『以前、ミチロウさんと福岡で共犯した時、出番前の楽屋で弦交換をしていると、「JINMOさん、備える兵士の様だ。」と言われた事がある。「うん、皆殺しの歌を轟かせるからね。」 そして、今も備えている。ギターにとびきりのフルメタル・ジャケット(装甲弾)を装填する今。万国の芸術兵士よ、共犯謀反せよ。音響銃弾で蜂の巣にしてやる。突き抜けて、突き抜けて、ぶち抜いて、ドカーンだ!』
( 演奏直前のJINMOによる呼びかけ)
大好評のライブ・アルバム、否、ライフ・アルバム”Life”シリーズ最新作、演奏会の実況録音作品です。
そう、“Life 121202”。
これは、2012年12月2日(日)におこなわれた演奏会の実況録音です。
カーボン系特殊樹脂を使用することにより、音響的にも人間工学的にも、他に類を見ぬほど合理化された形状を実現した楽器Jinmoid。

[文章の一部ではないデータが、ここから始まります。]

(* Let $f,g\in\Lambda[t]$. Suppose there exists $n_0$ such that $f(c(2\lambda))=g(c(2\lambda))$ for all Young diagrams $\lambda$ with $|\lambda|\geq n_0$. Then $f=g$.
   Context: $\Lambda[t]$ is the algebra over ${\mathbb Q}[t]$ of symmetric functions in $x_1,x_2,\ldots$. The content of the box in row $x$ and column $y$ of a Young diagram is $y-x$, and $c(\lambda)$ is the multiset of contents of all boxes of $\lambda$. For a Young diagram $\lambda$ with $n$ boxes, $f(c(\lambda))$ is obtained by setting $t=n$, $x_i=0$ for $i>n$, and $\{x_1,\ldots,x_n\}=c(\lambda)$. $2\lambda$ is the Young diagram obtained by doubling every row length of $\lambda$, and $|\lambda|$ is the number of boxes of $\lambda$. *)

theory Defs
  imports "HOL-Computational_Algebra.Polynomial" "HOL-Library.Multiset"
begin

text \<open>Variables are x_0, x_1, x_2, ... (0-indexed; the paper's x_i is our x_(i-1)).
  A monomial is an exponent vector alpha :: nat => nat with finite support.
  An element of Lambda[t] is a formal power series in the x's with coefficients in Q[t]
  (a function from exponent vectors to rat poly, zero on non-finitely-supported vectors),
  of bounded degree and invariant under all permutations of the variables.\<close>

type_synonym symfun = "(nat \<Rightarrow> nat) \<Rightarrow> rat poly"

definition mon_support :: "(nat \<Rightarrow> nat) \<Rightarrow> nat set" where
  "mon_support \<alpha> = {i. \<alpha> i \<noteq> 0}"

definition mon_degree :: "(nat \<Rightarrow> nat) \<Rightarrow> nat" where
  "mon_degree \<alpha> = (\<Sum>i\<in>mon_support \<alpha>. \<alpha> i)"

definition is_symfun :: "symfun \<Rightarrow> bool" where
  "is_symfun f \<longleftrightarrow>
     (\<forall>\<alpha>. f \<alpha> \<noteq> 0 \<longrightarrow> finite (mon_support \<alpha>)) \<and>
     (\<exists>D. \<forall>\<alpha>. f \<alpha> \<noteq> 0 \<longrightarrow> mon_degree \<alpha> \<le> D) \<and>
     (\<forall>\<sigma> \<alpha>. bij \<sigma> \<longrightarrow> f (\<alpha> \<circ> \<sigma>) = f \<alpha>)"

definition eval_sym :: "symfun \<Rightarrow> nat \<Rightarrow> rat list \<Rightarrow> rat" where
  "eval_sym f n v =
     (\<Sum>\<alpha>\<in>{\<alpha>. mon_support \<alpha> \<subseteq> {..<n} \<and> f \<alpha> \<noteq> 0}.
        poly (f \<alpha>) (of_nat n) * (\<Prod>i<n. (v ! i) ^ \<alpha> i))"

definition young :: "nat list \<Rightarrow> bool" where
  "young lam \<longleftrightarrow> sorted (rev lam) \<and> (\<forall>r\<in>set lam. 0 < r)"

definition size_yd :: "nat list \<Rightarrow> nat" where
  "size_yd lam = sum_list lam"

definition double_yd :: "nat list \<Rightarrow> nat list" where
  "double_yd lam = map (\<lambda>r. 2 * r) lam"

text \<open>Multiset of contents y - x of boxes (row x, column y), 1-indexed.\<close>
definition contents :: "nat list \<Rightarrow> int multiset" where
  "contents lam = mset (concat (map (\<lambda>x. map (\<lambda>y. int y - int x) [1..<lam ! (x - 1) + 1])
                                  [1..<length lam + 1]))"

text \<open>f(c(lambda)): t = |lambda|, {x_1..x_n} = c(lambda) (order irrelevant by symmetry).\<close>
definition eval_contents :: "symfun \<Rightarrow> nat list \<Rightarrow> rat" where
  "eval_contents f lam =
     eval_sym f (size_yd lam) (map of_int (sorted_list_of_multiset (contents lam)))"

end

theory Submission
  imports Defs "HOL-Combinatorics.Transposition"
begin

text \<open>Let \<open>h = f - g\<close>. Expanding \<open>h\<close> one variable at a time, its value at the contents of
  a doubled diagram is, as a function of one row length \<open>a\<close> (with \<open>t\<close> growing like \<open>2a\<close>),
  a polynomial in \<open>a\<close>: the two boxes added with each increment of \<open>a\<close> only bring in
  coefficients of lower degree, and partial sums of polynomials are polynomials. So vanishing on
  all large diagrams propagates, row by row, to every list of row lengths, in particular to
  diagrams with rows of length \<open>0\<close> and \<open>2\<close> only.

  A row of length \<open>2\<close> in row \<open>r\<close> has contents \<open>x, x + 1\<close> with \<open>x = 1 - r\<close>. As \<open>r\<close> ranges over
  infinitely many rows, every coefficient of \<open>x\<^sup>m\<close> in \<open>h(x, x + 1, \<dots>)\<close> must vanish; doing
  this for \<open>K\<close> rows shows that certain combinations \<open>\<Sum> w(\<alpha>) h\<^sub>\<alpha>(2K)\<close> of coefficients of
  \<open>h\<close> vanish. Now take a monomial \<open>\<alpha>\<close> of \<open>h\<close> of maximal degree and, among those, of minimal
  sum of squared exponents, with its variables moved to even positions, and choose the
  combination matching \<open>\<alpha>\<close> pair by pair. Maximality of the degree and minimality of the sum of
  squares leave only the monomials obtained from \<open>\<alpha>\<close> by swapping within pairs, each with weight
  \<open>1\<close>; so the combination is a positive multiple of \<open>h\<^sub>\<alpha>(2K)\<close>, which is nonzero for suitable
  large \<open>K\<close>.\<close>

section \<open>Monomials and coefficients of the first variable\<close>

definition perm_invariant :: "symfun \<Rightarrow> bool" where
  "perm_invariant h \<longleftrightarrow> (\<forall>\<sigma> \<alpha>. bij \<sigma> \<longrightarrow> h (\<alpha> \<circ> \<sigma>) = h \<alpha>)"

特にJINMO自身が愛用しているものは、艶消し黒の仕様になっているものですから、形状も色も楽器と言うより、まさに尖端兵器のような印象を与えます。
実際のライブを御覧になった人ならお解りでしょうが、JINMOの楽器の扱い方は、不用意に彼に近づこうものなら大怪我をしそうな、それはそれは危険な雰囲気が漂い(実際、襲われたお客さんも多数いらっしゃいます)、楽器を手にした時のその表情は、獲物を狩る時の嬉々とした肉食野獣のそれでありますから、なおさら迫力があります。

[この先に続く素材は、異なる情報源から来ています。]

lemma Hbar_candidates_image:
  assumes "\<Phi> \<subseteq> Hbar actX actS hh"
  shows "{\<phi> (actX h x) | \<phi>. \<phi> \<in> \<Phi> \<and> P \<phi>} = ext_act actS (hh h) ` {\<phi> x | \<phi>. \<phi> \<in> \<Phi> \<and> P \<phi>}"
proof -
  have "\<phi> (actX h x) = ext_act actS (hh h) (\<phi> x)" if "\<phi> \<in> \<Phi>" for \<phi>
    using assms that by (auto simp: Hbar_def)
  then have "{\<phi> (actX h x) | \<phi>. \<phi> \<in> \<Phi> \<and> P \<phi>} = {ext_act actS (hh h) (\<phi> x) | \<phi>. \<phi> \<in> \<Phi> \<and> P \<phi>}"
    by (metis (no_types, lifting))
  then show ?thesis by blast
qed

lemma lE_uE_in_Hbar:
  assumes oc: "order_complete TYPE('s::order)" and mono: "mono_action actS"
    and group: "sg_is_group TYPE('k::semigroup_mult)" and act: "is_action (actS :: 'k \<Rightarrow> 's \<Rightarrow> 's)"
    and \<Phi>: "\<Phi> \<subseteq> Hbar actX actS hh"
  shows "lE \<Phi> f \<in> Hbar actX actS hh \<and> uE \<Phi> f \<in> Hbar actX actS hh"
proof -
  have Sbar_valued: "\<forall>\<phi>\<in>\<Phi>. \<forall>x. \<phi> x \<in> Sbar" using \<Phi> by (auto simp: Hbar_def)
  note sup = is_sup_in_lE[OF oc Sbar_valued] and inf = is_inf_in_uE[OF oc Sbar_valued]
  have "lE \<Phi> f (actX h x) = ext_act actS (hh h) (lE \<Phi> f x) \<and>
        uE \<Phi> f (actX h x) = ext_act actS (hh h) (uE \<Phi> f x)" for h x
  proof -
    obtain k' where k': "\<And>a. ext_act actS k' (ext_act actS (hh h) a) = a"
        "\<And>a. ext_act actS (hh h) (ext_act actS k' a) = a"
      using ext_act_invertible[OF group act] by blast
    note automorphism = k' mono_ext_act[OF mono] mono_ext_act[OF mono]
      ext_act_image_Sbar ext_act_image_Sbar
    have "is_sup_in Sbar {\<phi> (actX h x) | \<phi>. \<phi> \<in> \<Phi> \<and> (\<forall>y. \<phi> y \<le> f y)}
        (ext_act actS (hh h) (lE \<Phi> f x))"
      unfolding Hbar_candidates_image[OF \<Phi>] by (rule is_sup_in_image_automorphism[OF automorphism sup])
    moreover have "is_inf_in Sbar {\<phi> (actX h x) | \<phi>. \<phi> \<in> \<Phi> \<and> (\<forall>y. f y \<le> \<phi> y)}
        (ext_act actS (hh h) (uE \<Phi> f x))"
      unfolding Hbar_candidates_image[OF \<Phi>] by (rule is_inf_in_image_automorphism[OF automorphism inf])
    ultimately show ?thesis using is_sup_in_unique[OF sup] is_inf_in_unique[OF inf] by simp
  qed
  then show ?thesis using sup inf by (auto simp: Hbar_def is_sup_in_def is_inf_in_def)
qed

遠藤ミチロウさんが、このように仰ったのも無理ありません。
さて、JINMOは長年理想的な楽器を探し続け、前述のJinmoidの他、彼にとっての理想的なケーブル、ストラップなどを獲得したのですが、ピックのみが手に入らず探し続けていました。
20数年前には樹脂と金属を組み合わせたものを自作までしましたが、入手可能な素材で加工可能な範囲での工作では、限界があったようです。

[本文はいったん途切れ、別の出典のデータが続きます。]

(* Assume that $(Y,X_1,\dots,X_d)$ has continuous marginal distributions and a Gaussian copula. Let $V=\Phi^{-1}(F_Y(Y))$ and $U_i=\Phi^{-1}(F_{X_i}(X_i))$, $i=1,\dots,d$, so that $(V,U_1,\dots,U_d)$ is Gaussian, and let $a=(a_i)_{i=1}^d$ be a constant vector such that $V=a^\top U+\epsilon$ with $\epsilon$ independent of $U=(U_i)_{i=1}^d$. Then for all $p,q\in(0,1)$, an optimal predictor of $\mathbb{I}(Y>F_Y^{\leftarrow}(p))$ calibrated at level $q$ is $\mathbb{I}(h(X)>F_{h(X)}^{\leftarrow}(q))$, where $h(x)=\sum_{i=1}^d a_i\,\Phi^{-1}(F_{X_i}(x_i))$.
   Context: $\Phi$ is the standard normal distribution function; $F_\xi$ is the distribution function of $\xi$ and $F_\xi^{\leftarrow}(p)=\inf\{y: F_\xi(y)\ge p\}$. A predictor $\mathbb{I}(g(X)>\tau)$ (with $g$ Borel) of an event $\{Y>y_0\}$ is calibrated at level $q$ if $\mathbb{P}(g(X)>\tau)=1-q$; such a predictor is optimal at level $q$ if its precision $\mathbb{P}(Y>y_0\mid g(X)>\tau)$ is at least the precision of every other predictor calibrated at level $q$. *)

theory Defs
  imports "HOL-Probability.Probability"
begin

definition distr_fun :: "'a measure \<Rightarrow> ('a \<Rightarrow> real) \<Rightarrow> real \<Rightarrow> real" where
  "distr_fun M \<xi> y = measure M {\<omega> \<in> space M. \<xi> \<omega> \<le> y}"

definition gen_inv :: "(real \<Rightarrow> real) \<Rightarrow> real \<Rightarrow> real" where
  "gen_inv F p = Inf {y. F y \<ge> p}"

definition Phi :: "real \<Rightarrow> real" where
  "Phi x = measure (density lborel std_normal_density) {..x}"

definition Phi_inv :: "real \<Rightarrow> real" where
  "Phi_inv p = gen_inv Phi p"

definition normal_score :: "'a measure \<Rightarrow> ('a \<Rightarrow> real) \<Rightarrow> 'a \<Rightarrow> real" where
  "normal_score M \<xi> \<omega> = Phi_inv (distr_fun M \<xi> (\<xi> \<omega>))"

definition gaussian_rv :: "'a measure \<Rightarrow> ('a \<Rightarrow> real) \<Rightarrow> bool" where
  "gaussian_rv M Z \<longleftrightarrow>
     (\<exists>\<mu> \<sigma>. \<sigma> > 0 \<and> distributed M lborel Z (normal_density \<mu> \<sigma>))
     \<or> (\<exists>c. AE \<omega> in M. Z \<omega> = c)"

text \<open>(Y, X_1..X_d) has a Gaussian copula: the vector of normal scores
  (Phi^{-1}(F_Y(Y)), Phi^{-1}(F_{X_i}(X_i))) is jointly Gaussian, i.e. every
  linear combination is Gaussian.\<close>
definition gaussian_copula :: "'a measure \<Rightarrow> ('a \<Rightarrow> real) \<Rightarrow> ('a \<Rightarrow> real^'d) \<Rightarrow> bool" where
  "gaussian_copula M Y X \<longleftrightarrow>
     (\<forall>c0 (c :: real^'d). gaussian_rv M
        (\<lambda>\<omega>. c0 * normal_score M Y \<omega> + (\<Sum>i\<in>UNIV. c $ i * normal_score M (\<lambda>\<eta>. X \<eta> $ i) \<omega>)))"

definition calibrated :: "'a measure \<Rightarrow> ('a \<Rightarrow> 'b) \<Rightarrow> ('b \<Rightarrow> real) \<Rightarrow> real \<Rightarrow> real \<Rightarrow> bool" where
  "calibrated M X g \<tau> q \<longleftrightarrow> measure M {\<omega> \<in> space M. g (X \<omega>) > \<tau>} = 1 - q"

definition precision :: "'a measure \<Rightarrow> ('a \<Rightarrow> real) \<Rightarrow> real \<Rightarrow> ('a \<Rightarrow> 'b) \<Rightarrow> ('b \<Rightarrow> real) \<Rightarrow> real \<Rightarrow> real" where
  "precision M Y y0 X g \<tau> =
     measure M {\<omega> \<in> space M. Y \<omega> > y0 \<and> g (X \<omega>) > \<tau>} / measure M {\<omega> \<in> space M. g (X \<omega>) > \<tau>}"

definition optimal_predictor ::
  "'a measure \<Rightarrow> ('a \<Rightarrow> real) \<Rightarrow> real \<Rightarrow> ('a \<Rightarrow> 'b::topological_space) \<Rightarrow> ('b \<Rightarrow> real) \<Rightarrow> real \<Rightarrow> real \<Rightarrow> bool" where
  "optimal_predictor M Y y0 X g \<tau> q \<longleftrightarrow>
     g \<in> borel_measurable borel \<and> calibrated M X g \<tau> q \<and>
     (\<forall>g' \<tau>'. g' \<in> borel_measurable borel \<and> calibrated M X g' \<tau>' q \<longrightarrow>
         precision M Y y0 X g' \<tau>' \<le> precision M Y y0 X g \<tau>)"

end

theory Submission
  imports Defs
begin

(* The score S = a^T U of the normal scores U of X is a nondegenerate Gaussian variable, so its
   distribution function is continuous and the threshold event T = {S > tau}, tau = F_S^<-(q), has
   probability exactly 1 - q; this is the only use of Gaussianity. Every X_i is a.s. recovered from its normal
   score through its quantile function, so a calibrated predictor {g(X) > tau'} is a.s. an event A
   in sigma(U) with P(A) = P(T), while {Y > F_Y^<-(p)} is a.s. the event B = {S + eps > v},
   v = Phi^-1(p). On A - T we have S <= tau, so B forces eps > v - tau there; on T - A the event
   eps > v - tau implies B. Since eps is independent of U and P(A - T) = P(T - A),
     P(B n (A - T)) <= P(eps > v - tau) P(A - T) = P(eps > v - tau) P(T - A) <= P(B n (T - A)),
   that is P(B n A) <= P(B n T): the threshold predictor has the larger precision. *)

context cdf_distribution
begin

lemma gen_inv_cdf_eq: "gen_inv (cdf M) = I"
  by (simp add: gen_inv_def[abs_def])

lemma gen_inv_cdf_le_iff: "0 < u \<Longrightarrow> u < 1 \<Longrightarrow> gen_inv (cdf M) u \<le> x \<longleftrightarrow> u \<le> cdf M x"
  unfolding gen_inv_cdf_eq using pseudoinverse by blast

lemma borel_measurable_gen_inv_cdf[measurable]: "gen_inv (cdf M) \<in> borel_measurable borel"
  unfolding gen_inv_cdf_eq
proof (rule borel_measurable_piecewise_mono[of "{{..0}, {0<..<1}, {1}, {1<..}}"])
  have below: "I u = Inf UNIV" if "u \<le> 0" for u
  proof -
    have "{x. u \<le> cdf M x} = UNIV"
      using that cdf_nonneg by (auto intro: order_trans)
    then show ?thesis by simp
  qed
  have above: "I u = Inf {}" if "1 < u" for u
  proof -
    have "{x. u \<le> cdf M x} = {}"
      using that cdf_bounded_prob by (auto simp: not_le intro: le_less_trans)
    then show ?thesis by simp
  qed
  have "mono_on {..0} I" "mono_on {1} I" "mono_on {1<..} I"
    by (auto intro!: mono_onI simp only: below above)
  with mono_I show "mono_on c I" if "c \<in> {{..0}, {0<..<1}, {1}, {1<..}}" for c
    using that by (elim insertE) simp_all
qed (auto simp: not_le)

(* M is the image of the uniform distribution on (0,1) under its quantile function (Skorokhod). *)
lemma AE_quantileI:
  assumes "{x. P x} \<in> sets borel" and "\<And>w. 0 < w \<Longrightarrow> w < 1 \<Longrightarrow> P (gen_inv (cdf M) w)"
  shows "AE x in M. P x"
proof -
  let ?\<Omega> = "restrict_space lborel {0<..<1::real}"
  have "sets ?\<Omega> = sets (restrict_space borel {0<..<1})"
    by (simp add: sets_restrict_space)
  then have I_measurable: "I \<in> measurable ?\<Omega> borel"
    using measurable_CI measurable_cong_sets[of ?\<Omega> _ borel borel] by simp
  have "AE w in ?\<Omega>. P (I w)"
    using assms(2) by (intro AE_I2) (simp add: space_restrict_space gen_inv_cdf_eq)
  then have "AE x in distr ?\<Omega> borel I. P x"
    using AE_distr_iff[OF I_measurable, of P] assms(1) by simp
  then show ?thesis
    by (simp only: distr_I_eq_M)
qed

end

locale atomless_real_distribution = real_distribution +
  assumes measure_singleton: "measure M {x} = 0"
begin

sublocale cdf_distribution ..

lemma cdf_gen_inv:
  assumes "0 < u" "u < 1"
  shows "cdf M (gen_inv (cdf M) u) = u"
proof (rule antisym)
  let ?t = "gen_inv (cdf M) u"
  show "u \<le> cdf M ?t"
    using gen_inv_cdf_le_iff[OF assms, of ?t] by simp
  have lim: "(cdf M \<longlongrightarrow> cdf M ?t) (at_left ?t)"
    using isCont_cdf measure_singleton by (simp add: isCont_def filterlim_at_split)
  have "cdf M x \<le> u" if "x < ?t" for x
    using gen_inv_cdf_le_iff[OF assms, of x] that by linarith
  then have "eventually (\<lambda>x. cdf M x \<le> u) (at_left ?t)"
    by (intro eventually_at_leftI[of "?t - 1"]) auto
  with lim show "cdf M ?t \<le> u"
    by (rule tendsto_upperbound) simp
qed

そこでアタック・ノイズの少ないスタイラス・ピックをレガートな高速演奏用に、ノイズの多いものを野獣の叫びのような激しい演奏用(種類は決まっておらず、数年毎にいろんなピックが試されてきました)にと、2種類を併用するスタイルをとってきました。
そして2012年11月、ついに理想とするピックをJINMOは入手しました。
それはナッシュビルのハンドメイド・ピック・メーカー“V-picks”によるものです。
V-picksは硬質アクリルを素材に、厚さ11.85ミリ(iPhone5の1.6倍!)、本当に皮膚に突き刺さるほど尖端が研ぎ澄まされた60度の角を3つ有する宝石の様に美しいピックを、JINMOのために作ったのです。
これによりレガートな高速演奏も、野獣の叫びのような激しい演奏も、1つのピックで今まで以上に自在に表現できるようになったのです。
そう、それは宝石でつくられた『とびきりのフルメタル・ジャケット(装甲弾)』のようなのです!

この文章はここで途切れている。